fun origin :: "triad \<Rightarrow> triad" where
  "origin (Maj _) = Maj 0" | "origin (Min _) = Min 0" | "origin (Aug _) = Aug 0"

fun root :: "triad \<Rightarrow> nat" where
  "root (Maj n) = n" | "root (Min n) = n" | "root (Aug n) = n"

lemma mem_H: "x \<in> H \<longleftrightarrow> (case x of Aug n \<Rightarrow> n < 4 | Maj n \<Rightarrow> n < 12 | Min n \<Rightarrow> n < 12)"
  unfolding H_def by (cases x) auto

lemma shift_in_H [simp]: "shift k x \<in> H"
  by (cases x) (simp_all add: mem_H)

lemma shift_shift [simp]: "shift j (shift k x) = shift (k + j) x"
  by (cases x) (simp_all add: mod_add_left_eq add.assoc)

lemma mod_12_mod_4 [simp]: "(a::nat) mod 12 mod 4 = a mod 4"
  by (simp add: mod_mod_cancel)

lemma add_mod_12_mod_4 [simp]: "(a + b mod 12) mod 4 = (a + b) mod (4::nat)"
  by (metis mod_12_mod_4 mod_add_right_eq)

lemma shift_12: "x \<in> H \<Longrightarrow> shift 12 x = x"
  by (cases x) (auto simp: mem_H, presburger)

lemma shift_origin: "x \<in> H \<Longrightarrow> shift (root x) (origin x) = x"
  by (cases x) (simp_all add: mem_H)

lemma shift_to_origin: "x \<in> H \<Longrightarrow> shift (12 - root x) x = origin x"
  by (cases x) (auto simp: mem_H)

definition shift_invariant :: "triad rel \<Rightarrow> bool" where
  "shift_invariant R \<longleftrightarrow> (\<forall>k x z. (x, z) \<in> R \<longrightarrow> (shift k x, shift k z) \<in> R)"

lemma shift_invariant_Un: "shift_invariant R \<Longrightarrow> shift_invariant Q \<Longrightarrow> shift_invariant (R \<union> Q)"
  unfolding shift_invariant_def by blast

lemma shift_invariant_converse: "shift_invariant R \<Longrightarrow> shift_invariant (R\<inverse>)"
  unfolding shift_invariant_def by blast

lemma shift_invariant_relcomp: "shift_invariant R \<Longrightarrow> shift_invariant Q \<Longrightarrow> shift_invariant (R O Q)"
  unfolding shift_invariant_def by blast

lemma shift_invariant_Id_on_H: "shift_invariant (Id_on H)"
  unfolding shift_invariant_def by auto

lemma shift_invariant_orbit:
  assumes "\<And>k n. shift k (f n) = f ((n + k) mod 12)" and "\<And>k n. shift k (g n) = g ((n + k) mod 12)"
  shows "shift_invariant {(f n, g n) | n. n < 12}"
  unfolding shift_invariant_def using assms by fastforce

lemma S_base_shift_invariant: "shift_invariant S_base"
  unfolding S_base_def
  by (intro shift_invariant_Un shift_invariant_orbit) (simp_all add: mod_simps ac_simps)

lemma T_base_shift_invariant: "shift_invariant T_base"
  unfolding T_base_def
  by (intro shift_invariant_Un shift_invariant_orbit) (simp_all add: mod_simps ac_simps)

lemma root_less_12: "x \<in> H \<Longrightarrow> root x < 12"
  by (cases x) (simp_all add: mem_H)

lemma Image_shift_invariant:
  assumes R: "shift_invariant R" "R \<subseteq> H \<times> H" and x: "x \<in> H"
  shows "R `` {x} = shift (root x) ` (R `` {origin x})"
proof (intro set_eqI iffI)
  fix z assume "z \<in> R `` {x}"
  then have xz: "(x, z) \<in> R" and z: "z \<in> H" using R(2) by auto
  have "(origin x, shift (12 - root x) z) \<in> R"
    using R(1) xz shift_to_origin[OF x] unfolding shift_invariant_def by metis
  moreover have "z = shift (root x) (shift (12 - root x) z)"
    using root_less_12[OF x] shift_12[OF z] by simp
  ultimately show "z \<in> shift (root x) ` (R `` {origin x})" by blast
next
  fix z assume "z \<in> shift (root x) ` (R `` {origin x})"
  then obtain w where "(origin x, w) \<in> R" "z = shift (root x) w" by blast
  then have "(shift (root x) (origin x), z) \<in> R"
    using R(1) unfolding shift_invariant_def by blast
  then show "z \<in> R `` {x}" using shift_origin[OF x] by simp
qed

lemma origin_cases: "origin x \<in> {Maj 0, Min 0, Aug 0}"
  by (cases x) simp_all
lemma xvar_eq_indicator:
  assumes "2 \<le> d"
  shows "xvar d m = (\<lambda>r. if r = unit_exp m then 1 else 0)"
proof -
  have "1 mod d = (1::nat)" using assms by simp
  then show ?thesis unfolding xvar_def unit_exp_def by (simp only:)
qed

lemma unit_exp_in_exps: "2 \<le> d \<Longrightarrow> 1 \<le> m \<Longrightarrow> m \<le> n \<Longrightarrow> unit_exp m \<in> exps d n"
  by (auto simp: exps_def unit_exp_def)

lemma tmono_unit_exp:
  assumes "1 \<le> m" "m \<le> n"
  shows "tmono n (unit_exp m) = tt m"
proof -
  have "fprod (map (\<lambda>j. fpow (tt j) (unit_exp m j)) xs) = (if m \<in> set xs then tt m else fone)"
    if "distinct xs" for xs
    using that by (induction xs) (auto simp: fprod_def unit_exp_def fpow_def fmul_one_left fmul_one_right)
  then show ?thesis
    using assms by (simp add: tmono_def del: upt_Suc)
qed

lemma evalA_xvar:
  assumes "2 \<le> d" "1 \<le> m" "m \<le> n"
  shows "evalA d n (xvar d m) = tt m"
proof
  fix w
  have "evalA d n (xvar d m) w = (\<Sum>r\<in>exps d n. if r = unit_exp m then tmono n r w else 0)"
    unfolding evalA_def fsumset_def fscale_def xvar_eq_indicator[OF assms(1)] by (intro sum.cong) auto
  also have "\<dots> = tt m w"
    using assms by (simp add: exps_finite unit_exp_in_exps tmono_unit_exp)
  finally show "evalA d n (xvar d m) w = tt m w" .
qed

lemma evalA_diff:
  "evalA d n (\<lambda>r. P r + Q r - R r - S r)
    = fsub (fsub (fadd (evalA d n P) (evalA d n Q)) (evalA d n R)) (evalA d n S)"
  by (simp add: evalA_def fsumset_def fscale_def fadd_def fsub_def algebra_simps sum.distrib
      sum_subtractf)
lemma subtree_at_expand:
  "bst T \<Longrightarrow> separated a b (set_tree T) \<Longrightarrow> j \<in> set_tree T \<Longrightarrow> a j \<le> v \<Longrightarrow> v \<le> b j \<Longrightarrow>
   subtree_at (expand a b P T) v = subtree_at (expand a b P (subtree_at T j)) v"
proof (induction T)
  case (Node l x r)
  have "b j < a x" if "j < x"
    using Node.prems(2,3) that by (auto simp: separated_def)
  moreover have "b x < a j" if "x < j"
    using Node.prems(2,3) that by (auto simp: separated_def)
  ultimately show ?case
    using Node separated_Node[OF Node.prems(2)] by (auto split: if_splits)
qed simp

lemma subtree_at_expand_inner:
  assumes "bst T" "separated a b (set_tree T)" "j \<in> set_tree T" "a j < v" "v < b j"
  shows "subtree_at (expand a b P T) v = subtree_at (P j) v"
proof -
  obtain l r where "subtree_at T j = Node l j r"
    using subtree_at_bst[OF assms(1,3)] by blast
  with assms show ?thesis
    using subtree_at_expand[OF assms(1-3), of v P] by simp
qed

section \<open>Runs and OPT\<close>

lemma bst_stepD:
  assumes "bst_step T s X T'"
  shows "X \<subseteq> set_tree T" "s \<in> X" "v \<in> X \<Longrightarrow> set (path_to T v) \<subseteq> X"
    "inorder T' = inorder T" "v \<in> set_tree T \<Longrightarrow> v \<notin> X \<Longrightarrow> subtree_at T' v = subtree_at T v"
  using assms unfolding bst_step_def by blast+

inductive bst_run :: "nat tree \<Rightarrow> nat list \<Rightarrow> nat \<Rightarrow> bool" where
  bst_run_Nil: "bst_run T [] 0"
| bst_run_Cons: "bst_step T s X T' \<Longrightarrow> bst_run T' S c \<Longrightarrow> bst_run T (s # S) (card X + c)"

inductive_cases bst_run_NilE: "bst_run T [] c"
inductive_cases bst_run_ConsE: "bst_run T (s # S) c"
lemma has_integral_odd_0:
  fixes h :: "real \<Rightarrow> real"
  assumes "h integrable_on {-a..a}" and odd: "\<And>x. x \<in> {-a..a} \<Longrightarrow> h (-x) = - h x"
  shows "(h has_integral 0) {-a..a}"
proof -
  have "integral {-a..a} h = integral {-a..a} (\<lambda>x. h (-x))"
    using Henstock_Kurzweil_Integration.integral_reflect_real[of a "-a" h] by simp
  also have "\<dots> = integral {-a..a} (\<lambda>x. - h x)"
    by (rule integral_cong) (use odd in auto)
  finally have "integral {-a..a} h = 0" by simp
  then show ?thesis using assms(1) by (metis has_integral_integrable_integral)
qed

lemma has_integral_real_derivative:
  fixes F F' :: "real \<Rightarrow> real"
  assumes "a \<le> b" "\<And>x. x \<in> {a..b} \<Longrightarrow> (F has_real_derivative F' x) (at x within {a..b})"
  shows "(F' has_integral (F b - F a)) {a..b}"
  using assms by (intro fundamental_theorem_of_calculus) (auto simp: has_real_derivative_iff_has_vector_derivative)

lemma sq_div_one_minus_sq_le:
  fixes G x :: real
  assumes "0 \<le> G" "G \<le> 1 - x" "-1 < x"
  shows "G\<^sup>2 / (1 - x\<^sup>2) \<le> (1 - x) / (1 + x)"
proof (cases "x = 1")
  case False
  then have "1 - x > 0" "1 + x > 0" using assms by auto
  moreover have "G\<^sup>2 \<le> (1 - x)\<^sup>2" using assms by (intro power_mono) auto
  moreover have "1 - x\<^sup>2 = (1 - x) * (1 + x)" by (simp add: power2_eq_square algebra_simps)
  ultimately have "G\<^sup>2 / (1 - x\<^sup>2) \<le> (1 - x)\<^sup>2 / ((1 - x) * (1 + x))"
    by (auto intro: divide_right_mono)
  also have "\<dots> = (1 - x) / (1 + x)" using \<open>1 - x > 0\<close> by (simp add: power2_eq_square)
  finally show ?thesis .
qed (use assms in simp)

text \<open>For fixed y, the maximum of (1 - x^2) - (2/t) (1 - x) y over -1 <= x <= 1 is
max(0, 1 - y/t)^2, attained at x = min 1 (y/t).\<close>
lemma clip_gap_eq:
  fixes t x y :: real
  assumes "0 < t"
  shows "y \<le> t \<Longrightarrow> 2/t * ((1 - x) * y) + (max 0 (1 - y/t))\<^sup>2 - (1 - x\<^sup>2) = (x - y/t)\<^sup>2"
    and "t < y \<Longrightarrow> 2/t * ((1 - x) * y) + (max 0 (1 - y/t))\<^sup>2 - (1 - x\<^sup>2) = (1 - x) * (2 * y/t - 1 - x)"
  using assms by (auto simp: max_def field_simps power2_eq_square)
(* Let $I\subseteq S=\Bbbk[x_1,\dots,x_n]$ be a squarefree monomial ideal and let $L$ be its squarefree lexification. Then $L\subseteq(x_1)$ if and only if $I\subseteq(x_i)$ for some variable $x_i$.
   Context: Let $\Bbbk$ be a field, $S=\Bbbk[x_1,\dots,x_n]$, $R=S/(x_1^2,\dots,x_n^2)$. A monomial ideal is squarefree if its minimal monomial generators are squarefree. A monomial ideal of $R$ is lex if each degree component is spanned by an initial segment, in the lexicographic order with $x_1>\dots>x_n$, of the squarefree monomials of that degree. A squarefree monomial ideal $L\subseteq S$ is squarefree lex if $LR$ is lex in $R$. The squarefree lexification of a squarefree monomial ideal $I\subseteq S$ is the unique squarefree lex ideal $L\subseteq S$ having the same Hilbert function as $I$ in $S$ (equivalently, $LR$ is the lex ideal of $R$ with the same Hilbert function as $IR$). *)

theory Defs
  imports Main
begin

text \<open>Monomials of S = k[x_1,...,x_n] are encoded as exponent vectors
  a :: nat => nat with a i = 0 for i >= n; variable x_(i+1) has index i.
  A monomial ideal of S is encoded by the set of monomials it contains
  (it is the k-span of these). Divisibility of monomials is pointwise order.\<close>

definition monomials :: "nat \<Rightarrow> (nat \<Rightarrow> nat) set" where
  "monomials n = {a. \<forall>i\<ge>n. a i = 0}"

definition mdeg :: "nat \<Rightarrow> (nat \<Rightarrow> nat) \<Rightarrow> nat" where
  "mdeg n a = (\<Sum>i<n. a i)"

definition is_monomial_ideal :: "nat \<Rightarrow> (nat \<Rightarrow> nat) set \<Rightarrow> bool" where
  "is_monomial_ideal n M \<longleftrightarrow> M \<subseteq> monomials n \<and>
     (\<forall>a\<in>M. \<forall>b\<in>monomials n. a \<le> b \<longrightarrow> b \<in> M)"

definition min_generators :: "nat \<Rightarrow> (nat \<Rightarrow> nat) set \<Rightarrow> (nat \<Rightarrow> nat) set" where
  "min_generators n M = {a\<in>M. \<forall>b\<in>M. b \<le> a \<longrightarrow> b = a}"

definition sqfree_mon :: "(nat \<Rightarrow> nat) \<Rightarrow> bool" where
  "sqfree_mon a \<longleftrightarrow> (\<forall>i. a i \<le> 1)"

definition is_sqfree_monomial_ideal :: "nat \<Rightarrow> (nat \<Rightarrow> nat) set \<Rightarrow> bool" where
  "is_sqfree_monomial_ideal n M \<longleftrightarrow> is_monomial_ideal n M \<and>
     (\<forall>a\<in>min_generators n M. sqfree_mon a)"

text \<open>Hilbert function of the ideal in S: dim_k of its degree-d component
  = number of monomials of degree d in it.\<close>
definition hilb :: "nat \<Rightarrow> (nat \<Rightarrow> nat) set \<Rightarrow> nat \<Rightarrow> nat" where
  "hilb n M d = card {a\<in>M. mdeg n a = d}"

definition sqmon :: "nat set \<Rightarrow> (nat \<Rightarrow> nat)" where
  "sqmon A = (\<lambda>i. if i \<in> A then 1 else 0)"

text \<open>Lex order (x_1 > ... > x_n) on squarefree monomials of equal degree:
  x^B >lex x^A iff the smallest index in the symmetric difference lies in B.\<close>
definition sq_lex_gt :: "nat set \<Rightarrow> nat set \<Rightarrow> bool" where
  "sq_lex_gt B A \<longleftrightarrow> A \<noteq> B \<and> Min ((A - B) \<union> (B - A)) \<in> B"
lemma paracompact_closed_shrinking:
  assumes P: "paracompact_space Y" and opn: "\<forall>U\<in>\<U>. openin Y U" and cov: "\<Union>\<U> = topspace Y"
  obtains \<V> C where "\<forall>V\<in>\<V>. openin Y V" and "\<forall>V\<in>\<V>. \<exists>U\<in>\<U>. V \<subseteq> U"
    and "Abstract_Topology.locally_finite_in Y \<V>"
    and "\<forall>V. closedin Y (C V) \<and> C V \<subseteq> V" and "\<forall>y\<in>topspace Y. \<exists>V\<in>\<V>. y \<in> C V"
proof -
  obtain \<V> where V: "\<forall>V\<in>\<V>. openin Y V" "\<Union>\<V> = topspace Y"
      "\<forall>V\<in>\<V>. \<exists>U\<in>\<U>. V \<subseteq> U" "Abstract_Topology.locally_finite_in Y \<V>"
    by (rule paracompact_refinement[OF P opn cov])
  define \<A> where "\<A> = {A. openin Y A \<and> (\<exists>V\<in>\<V>. Y closure_of A \<subseteq> V)}"
  have "\<forall>A\<in>\<A>. openin Y A" by (simp add: \<A>_def)
  moreover have "\<Union>\<A> = topspace Y"
  proof
    show "\<Union>\<A> \<subseteq> topspace Y" unfolding \<A>_def using openin_subset by blast
    show "topspace Y \<subseteq> \<Union>\<A>"
    proof
      fix y assume "y \<in> topspace Y"
      then obtain V where V': "V \<in> \<V>" "y \<in> V" using V(2) by blast
      then have "openin Y V" using V(1) by blast
      then obtain A B where A: "openin Y A" "closedin Y B" "y \<in> A" "A \<subseteq> B" "B \<subseteq> V"
        using paracompact_imp_regular[OF P] V'(2)
        unfolding neighbourhood_base_of_closedin[symmetric] neighbourhood_base_of by metis
      then have "Y closure_of A \<subseteq> V" using closure_of_minimal[of A B Y] by blast
      then have "A \<in> \<A>" using A(1) V'(1) unfolding \<A>_def by blast
      then show "y \<in> \<Union>\<A>" using A(3) by blast
    qed
  qed
  ultimately obtain \<B> where B: "\<forall>B\<in>\<B>. openin Y B" "\<Union>\<B> = topspace Y"
      "\<forall>B\<in>\<B>. \<exists>A\<in>\<A>. B \<subseteq> A" "Abstract_Topology.locally_finite_in Y \<B>"
    by (rule paracompact_refinement[OF P])
  define C where "C V = \<Union>((\<lambda>S. Y closure_of S) ` {B\<in>\<B>. Y closure_of B \<subseteq> V})" for V
  have C_closed: "closedin Y (C V) \<and> C V \<subseteq> V" for V
    unfolding C_def
    by (rule conjI, rule closedin_Union_locally_finite_closure, rule locally_finite_in_subset[OF B(4)])
       blast+
  have C_cov: "\<exists>V\<in>\<V>. y \<in> C V" if y: "y \<in> topspace Y" for y
  proof -
    obtain B where B': "B \<in> \<B>" "y \<in> B" using B(2) y by blast
    then obtain A V where AV: "V \<in> \<V>" "B \<subseteq> A" "Y closure_of A \<subseteq> V"
      using B(3) unfolding \<A>_def by blast
    have "y \<in> Y closure_of B" using B'(2) y closure_of_subset_Int[of Y B] by blast
    moreover have "Y closure_of B \<subseteq> V" using closure_of_mono[OF AV(2)] AV(3) by (rule order_trans)
    ultimately have "y \<in> C V" using B'(1) unfolding C_def by blast
    then show ?thesis using AV(1) by blast
  qed
  show ?thesis
    by (rule that[OF V(1,3,4), of C]) (use C_closed C_cov in blast)+
qed
(* Let $(P,F)$ be a convex Fuchsian polyhedron in $\mathbb{H}^3$ with invariant plane $\Pi$, and let $Z$ be a Fuchsian deformation of $(P,F)$. Decompose $Z=Z_v+Z_h$ into its vertical and horizontal components. Then $Z_v$ is invariant under $F$: for all $f\in F$ and $x\in P$, $Z_v(f x)=df\,(Z_v(x))$.
   Context: A convex Fuchsian polyhedron is a pair $(P,F)$ where $P$ is a convex polyhedral surface in $\mathbb{H}^3$ (boundary of a locally finite intersection of half-spaces) and $F$ is a discrete group of orientation-preserving isometries leaving invariant a totally geodesic plane $\Pi$, acting cocompactly without fixed points on $\Pi$, with $F(P)=P$ and $F$ acting freely on $P$. An infinitesimal isometric deformation of $P$ is a triangulation of the faces of $P$ with no new vertices plus a Killing field of $\mathbb{H}^3$ on each triangle, coinciding on common edges; it gives a vector field $Z$ on $P$. A Fuchsian Killing field is the extension of a Killing field $K$ of $\Pi$ defined by: at $x$ at distance $d$ from $\Pi$, with $p_d$ the orthogonal projection onto $\Pi$ of the equidistant surface at distance $d$ through $x$, its value is $(dp_d)^{-1}(K(p_d(x)))$. A Fuchsian deformation is an infinitesimal isometric deformation $Z$ such that for each $f\in F$ there is a Fuchsian Killing field $\vec f$ with $Z(fy)=df(\vec f(y)+Z(y))$ for all $y\in P$. At $x\in P$ the vertical direction is the tangent direction at $x$ of the geodesic through $x$ orthogonal to $\Pi$; horizontal directions are those orthogonal to it; $Z_v$ and $Z_h$ are the corresponding orthogonal components of $Z$. *)

theory Defs
  imports "HOL-Analysis.Analysis"
begin
(* Let $p\in(1,\infty)$, let $G$ be a countable discrete group, let $E$ be a $\sigma$-finite separable $L^p$-space, let $A\subset\mathcal B(E)$ be a weak* closed subalgebra containing $I_E$, and let $\alpha$ be a weak* continuous isometric action of $G$ on $A$. Then $W^*_p(G,A,\alpha)\subset\mathcal B(\ell^p(G))\bar\otimes A$ (as subsets of $\mathcal B(\ell^p(G)\otimes_pE)$).
   Context: $\mathcal B(E)$ carries the weak* topology as dual of the nuclear operators $E'\widehat\otimes E$; $\mathcal B(\ell^p(G))\bar\otimes A$ is the weak* closure of the algebraic tensor product in $\mathcal B(\ell^p(G)\otimes_pE)$. A weak* continuous isometric action is a homomorphism from $G$ into isometric weak* continuous automorphisms of $A$. On $\ell^p(G)\otimes_pE=\ell^p(G,E)$, $(\pi(a)\xi)(s)=\alpha_{s^{-1}}(a)\xi(s)$, $(\lambda_p^E(s)\xi)(t)=\xi(s^{-1}t)$, and $W^*_p(G,A,\alpha)$ is the weak* closure of the finite sums $\sum_s\pi(a_s)\lambda_p^E(s)$. *)

theory Defs
  imports "HOL-Analysis.Analysis" "HOL-Probability.Probability"
begin

record 'v nspace =
  carrier :: "'v set"
  vadd :: "'v \<Rightarrow> 'v \<Rightarrow> 'v"
  vsmul :: "complex \<Rightarrow> 'v \<Rightarrow> 'v"
  nrm :: "'v \<Rightarrow> real"
definition grid_deviation_bound :: "nat \<Rightarrow> nat \<Rightarrow> (nat \<Rightarrow> obs) \<Rightarrow> real" where
  "grid_deviation_bound n k z =
     (\<Sum>c\<in>grid_cells k. \<bar>mean_deviation P n (score_on e (grid_cell k c)) z\<bar>
       + \<bar>mean_deviation P n (abs_score_on e (grid_cell k c)) z\<bar>) + 4 * B * A / real k"

lemma abs_emp_welfare_minus_welfare_le:
  assumes k: "1 \<le> k" and G: "G \<in> monotone_allocs"
  shows "\<bar>emp_welfare n e z G - welfare P e G\<bar> \<le> grid_deviation_bound n k z"
proof -
  let ?D = "\<lambda>c. \<bar>mean_deviation P n (score_on e (grid_cell k c)) z\<bar>
    + \<bar>mean_deviation P n (abs_score_on e (grid_cell k c)) z\<bar>"
  define K where "K = 2 * B * A / (real k)^2"
  have K_nonneg: "0 \<le> K"
    unfolding K_def using B_pos A_pos by simp
  have G': "G \<in> sets borel" "G \<subseteq> unit_square"
    using G by (simp_all add: sets_monotone_alloc monotone_alloc_subset_unit_square)
  have "\<bar>emp_welfare n e z G - welfare P e G\<bar>
      \<le> (\<Sum>c\<in>grid_cells k. \<bar>mean_deviation P n (score_on e (G \<inter> grid_cell k c)) z\<bar>)"
    unfolding emp_welfare_minus_welfare_eq_sum_grid_cells[OF k G'] by (rule sum_abs)
  also have "\<dots> \<le> (\<Sum>c\<in>grid_cells k. ?D c + (if c \<in> crossing_cells k G then K else 0))"
    unfolding K_def by (intro sum_mono abs_mean_deviation_grid_cell_le[OF k G'])
  also have "\<dots> = (\<Sum>c\<in>grid_cells k. ?D c) + real (card (crossing_cells k G)) * K"
  proof -
    have "grid_cells k \<inter> crossing_cells k G = crossing_cells k G"
      unfolding crossing_cells_def by blast
    then show ?thesis
      by (simp add: sum.distrib sum.If_cases)
  qed
  also have "real (card (crossing_cells k G)) * K \<le> real (2 * k) * K"
    using card_crossing_cells[OF k G] K_nonneg by (intro mult_right_mono) auto
  also have "real (2 * k) * K = 4 * B * A / real k"
    unfolding K_def by (simp add: power2_eq_square)
  finally show ?thesis
    unfolding grid_deviation_bound_def by simp
qed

**Exercise details**
The answer should be an exact copy of the lines from the first line of the data through the line with "by (cases x) (auto simp: mem_H)" and should contain nothing else.

**Written response**
fun origin :: "triad \<Rightarrow> triad" where
  "origin (Maj _) = Maj 0" | "origin (Min _) = Min 0" | "origin (Aug _) = Aug 0"

fun root :: "triad \<Rightarrow> nat" where
  "root (Maj n) = n" | "root (Min n) = n" | "root (Aug n) = n"

lemma mem_H: "x \<in> H \<longleftrightarrow> (case x of Aug n \<Rightarrow> n < 4 | Maj n \<Rightarrow> n < 12 | Min n \<Rightarrow> n < 12)"
  unfolding H_def by (cases x) auto

lemma shift_in_H [simp]: "shift k x \<in> H"
  by (cases x) (simp_all add: mem_H)

lemma shift_shift [simp]: "shift j (shift k x) = shift (k + j) x"
  by (cases x) (simp_all add: mod_add_left_eq add.assoc)

lemma mod_12_mod_4 [simp]: "(a::nat) mod 12 mod 4 = a mod 4"
  by (simp add: mod_mod_cancel)

lemma add_mod_12_mod_4 [simp]: "(a + b mod 12) mod 4 = (a + b) mod (4::nat)"
  by (metis mod_12_mod_4 mod_add_right_eq)

lemma shift_12: "x \<in> H \<Longrightarrow> shift 12 x = x"
  by (cases x) (auto simp: mem_H, presburger)

lemma shift_origin: "x \<in> H \<Longrightarrow> shift (root x) (origin x) = x"
  by (cases x) (simp_all add: mem_H)

lemma shift_to_origin: "x \<in> H \<Longrightarrow> shift (12 - root x) x = origin x"
  by (cases x) (auto simp: mem_H)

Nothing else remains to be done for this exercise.